Hi, can you open a bank account in Cyprus even if you are still in the UK.


----------



## Guest (Feb 11, 2013)

The simple answer is no. You need to be in place and give proof of your identity

Anders


----------



## Kalimera (Oct 19, 2011)

We had to be in Cyprus to open ours


----------



## Janetp (Jan 24, 2013)

We are moving iver next year but coming over this year for 3 weeks, so was just wondering if we could do it when we come over this year. Also what proof of identity do we need to open it. Thank you


----------



## Kalimera (Oct 19, 2011)

I think (and don't quote) we took passport and a couple of utility bills from UK residence


----------



## Guest (Feb 11, 2013)

Janetp said:


> We are moving iver next year but coming over this year for 3 weeks, so was just wondering if we could do it when we come over this year. Also what proof of identity do we need to open it. Thank you


You can open a bank account when you come over on vacation.
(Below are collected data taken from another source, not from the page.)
lemma add_R: "f \<oplus>\<^bsub>R\<^esub> g = (\<lambda>c. f c + g c)"
  by (simp add: toric_face_ring_def)

lemma zero_R: "\<zero>\<^bsub>R\<^esub> = (\<lambda>c. 0)"
  by (simp add: toric_face_ring_def)

lemma one_R: "\<one>\<^bsub>R\<^esub> = (\<lambda>c. if c = 0 then 1 else 0)"
  by (simp add: toric_face_ring_def)

lemma mult_R:
  "f \<otimes>\<^bsub>R\<^esub> g = (\<lambda>c. \<Sum>p\<in>{(a, b). f a \<noteq> 0 \<and> g b \<noteq> 0 \<and> a + b = c \<and> compatible a b}.
     f (fst p) * g (snd p))"
  by (simp add: toric_face_ring_def compatible_def)

definition convolution_on ::
    "(int ^ 'd) set \<Rightarrow> (int ^ 'd) set \<Rightarrow> (int ^ 'd \<Rightarrow> 'k::field) \<Rightarrow> (int ^ 'd \<Rightarrow> 'k) \<Rightarrow> int ^ 'd \<Rightarrow> 'k"
  where "convolution_on A B f g c =
    (\<Sum>a\<in>A. \<Sum>b\<in>B. if a + b = c \<and> compatible a b then f a * g b else 0)"

lemma mult_eq_convolution_on:
  assumes "finite A" "finite B" "{a. f a \<noteq> 0} \<subseteq> A" "{b. g b \<noteq> 0} \<subseteq> B"
  shows "(f \<otimes>\<^bsub>R\<^esub> g) c = convolution_on A B f g c"
proof -
  have "convolution_on A B f g c = (\<Sum>p\<in>A \<times> B.
      if fst p + snd p = c \<and> compatible (fst p) (snd p) then f (fst p) * g (snd p) else 0)"
    unfolding convolution_on_def by (simp add: sum.cartesian_product case_prod_beta)
  also have "\<dots> = (\<Sum>p\<in>{(a, b). f a \<noteq> 0 \<and> g b \<noteq> 0 \<and> a + b = c \<and> compatible a b}.
      f (fst p) * g (snd p))"
    by (rule sum.mono_neutral_cong_right) (use assms in auto)
  finally show ?thesis
    by (simp add: mult_R)
qed

lemma mult_nonzeroD:
  assumes "(f \<otimes>\<^bsub>R\<^esub> g) c \<noteq> 0"
  obtains a b where "f a \<noteq> 0" "g b \<noteq> 0" "a + b = c" "compatible a b"
proof (rule ccontr)
  assume "\<not> thesis"
  then have "{(a, b). f a \<noteq> 0 \<and> g b \<noteq> 0 \<and> a + b = c \<and> compatible a b} = {}"
    using that by blast
  with assms show False
    by (simp add: mult_R)
qed

lemma support_mult_subset:
  "{c. (f \<otimes>\<^bsub>R\<^esub> g) c \<noteq> 0} \<subseteq> (\<lambda>(a, b). a + b) ` ({a. f a \<noteq> 0} \<times> {b. g b \<noteq> 0})"
  by (force elim: mult_nonzeroD)

lemma mult_closed:
  assumes "f \<in> carrier R" "g \<in> carrier R"
  shows "f \<otimes>\<^bsub>R\<^esub> g \<in> carrier R"
proof -
  have "finite {c. (f \<otimes>\<^bsub>R\<^esub> g) c \<noteq> 0}"
    using assms by (auto simp: carrier_R intro: finite_subset[OF support_mult_subset])
  moreover have "{c. (f \<otimes>\<^bsub>R\<^esub> g) c \<noteq> 0} \<subseteq> mc_support \<Sigma> M"
  proof
    fix c
    assume "c \<in> {c. (f \<otimes>\<^bsub>R\<^esub> g) c \<noteq> 0}"
    then obtain a b where "a + b = c" "compatible a b"
      by (auto elim: mult_nonzeroD)
    then show "c \<in> mc_support \<Sigma> M"
      unfolding compatible_def mc_support_def using monoid_add_closed by blast
  qed
  ultimately show ?thesis
    by (simp add: carrier_R)
qed

lemma mult_commute: "f \<otimes>\<^bsub>R\<^esub> g = g \<otimes>\<^bsub>R\<^esub> f"
  unfolding mult_R
  by (intro ext sum.reindex_bij_witness[of _ prod.swap prod.swap])
    (auto simp: compatible_commute add.commute)

lemma mult_mult_eq_sum3:
  assumes "f \<in> carrier R" "g \<in> carrier R" "h \<in> carrier R"
  shows "((f \<otimes>\<^bsub>R\<^esub> g) \<otimes>\<^bsub>R\<^esub> h) d =
    (\<Sum>e\<in>{e. h e \<noteq> 0}. \<Sum>a\<in>{a. f a \<noteq> 0}. \<Sum>b\<in>{b. g b \<noteq> 0}.
       if a + b + e = d \<and> compatible3 a b e then f a * g b * h e else 0)"
proof -
  define A B E where "A = {a. f a \<noteq> 0}" and "B = {b. g b \<noteq> 0}" and "E = {e. h e \<noteq> 0}"
  define U where "U = (\<lambda>(a, b). a + b) ` (A \<times> B)"
  have fin: "finite A" "finite B" "finite E" "finite U"
    using assms by (auto simp: carrier_R A_def B_def E_def U_def)
  have fg: "(f \<otimes>\<^bsub>R\<^esub> g) u = convolution_on A B f g u" for u
    using fin by (intro mult_eq_convolution_on) (auto simp: A_def B_def)
  have "((f \<otimes>\<^bsub>R\<^esub> g) \<otimes>\<^bsub>R\<^esub> h) d = convolution_on U E (f \<otimes>\<^bsub>R\<^esub> g) h d"
    using fin support_mult_subset[of f g] by (intro mult_eq_convolution_on) (auto simp: A_def B_def E_def U_def)
  also have "\<dots> = (\<Sum>e\<in>E. \<Sum>u\<in>U. \<Sum>a\<in>A. \<Sum>b\<in>B.
      if u + e = d \<and> compatible u e \<and> a + b = u \<and> compatible a b then f a * g b * h e else 0)"
    unfolding convolution_on_def fg
    by (subst sum.swap) (auto simp: sum_distrib_right intro!: sum.cong)
  also have "\<dots> = (\<Sum>e\<in>E. \<Sum>a\<in>A. \<Sum>b\<in>B. \<Sum>u\<in>U.
      if u + e = d \<and> compatible u e \<and> a + b = u \<and> compatible a b then f a * g b * h e else 0)"
    by (intro sum.cong refl sum_rotate3)
  also have "\<dots> = (\<Sum>e\<in>E. \<Sum>a\<in>A. \<Sum>b\<in>B.
      if a + b + e = d \<and> compatible3 a b e then f a * g b * h e else 0)"
  proof (intro sum.cong refl)
    fix e a b
    assume "a \<in> A" "b \<in> B"
    then have "a + b \<in> U"
      by (force simp: U_def)
    have "(\<Sum>u\<in>U. if u + e = d \<and> compatible u e \<and> a + b = u \<and> compatible a b
        then f a * g b * h e else 0) = (\<Sum>u\<in>U. if u = a + b
        then (if a + b + e = d \<and> compatible3 a b e then f a * g b * h e else 0) else 0)"
      by (intro sum.cong refl) (auto simp: compatible_sum_iff_compatible3[symmetric])
    also have "\<dots> = (if a + b + e = d \<and> compatible3 a b e then f a * g b * h e else 0)"
      using \<open>a + b \<in> U\<close> fin by simp
    finally show "(\<Sum>u\<in>U. if u + e = d \<and> compatible u e \<and> a + b = u \<and> compatible a b
        then f a * g b * h e else 0) = (if a + b + e = d \<and> compatible3 a b e then f a * g b * h e else 0)" .
  qed
  finally show ?thesis
    by (simp only: A_def B_def E_def)
qed

lemma mult_assoc:
  assumes "f \<in> carrier R" "g \<in> carrier R" "h \<in> carrier R"
  shows "(f \<otimes>\<^bsub>R\<^esub> g) \<otimes>\<^bsub>R\<^esub> h = f \<otimes>\<^bsub>R\<^esub> (g \<otimes>\<^bsub>R\<^esub> h)"
proof
  fix d
  have "(f \<otimes>\<^bsub>R\<^esub> (g \<otimes>\<^bsub>R\<^esub> h)) d = ((h \<otimes>\<^bsub>R\<^esub> g) \<otimes>\<^bsub>R\<^esub> f) d"
    by (simp only: mult_commute)
  also have "\<dots> = (\<Sum>a\<in>{a. f a \<noteq> 0}. \<Sum>e\<in>{e. h e \<noteq> 0}. \<Sum>b\<in>{b. g b \<noteq> 0}.
      if e + b + a = d \<and> compatible3 e b a then h e * g b * f a else 0)"
    by (rule mult_mult_eq_sum3[OF assms(3,2,1)])
  also have "\<dots> = (\<Sum>e\<in>{e. h e \<noteq> 0}. \<Sum>a\<in>{a. f a \<noteq> 0}. \<Sum>b\<in>{b. g b \<noteq> 0}.
      if e + b + a = d \<and> compatible3 e b a then h e * g b * f a else 0)"
    by (rule sum.swap)
  also have "\<dots> = ((f \<otimes>\<^bsub>R\<^esub> g) \<otimes>\<^bsub>R\<^esub> h) d"
    unfolding mult_mult_eq_sum3[OF assms]
    by (intro sum.cong refl) (simp add: compatible3_commute ac_simps)
  finally show "((f \<otimes>\<^bsub>R\<^esub> g) \<otimes>\<^bsub>R\<^esub> h) d = (f \<otimes>\<^bsub>R\<^esub> (g \<otimes>\<^bsub>R\<^esub> h)) d"
    by simp
qed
Normally passport and a utility bill is enough.

Remember it is up to the bank to open the account as long as you have no address in Cyprus but considering the current state of the banks they will be interested with all money they can get.

Anders


----------



## Janetp (Jan 24, 2013)

Thank you


----------



## Janetp (Jan 24, 2013)

Thank you, just trying to get as much info as I can


----------



## Veronica (Apr 5, 2008)

Yes, as has been said, proof of Identity such as your passport and proof of residence such as utility bills is all you need.


----------



## Janetp (Jan 24, 2013)

Thanks Veronica


----------



## Geraldine (Jan 3, 2009)

SWJ said:


> I think (and don't quote) we took passport and a couple of utility bills from UK residence


I opened an account on a holiday 2 years before I moved out, passport and 2 UK utility bills is all it takes.


----------



## Janetp (Jan 24, 2013)

thank you


----------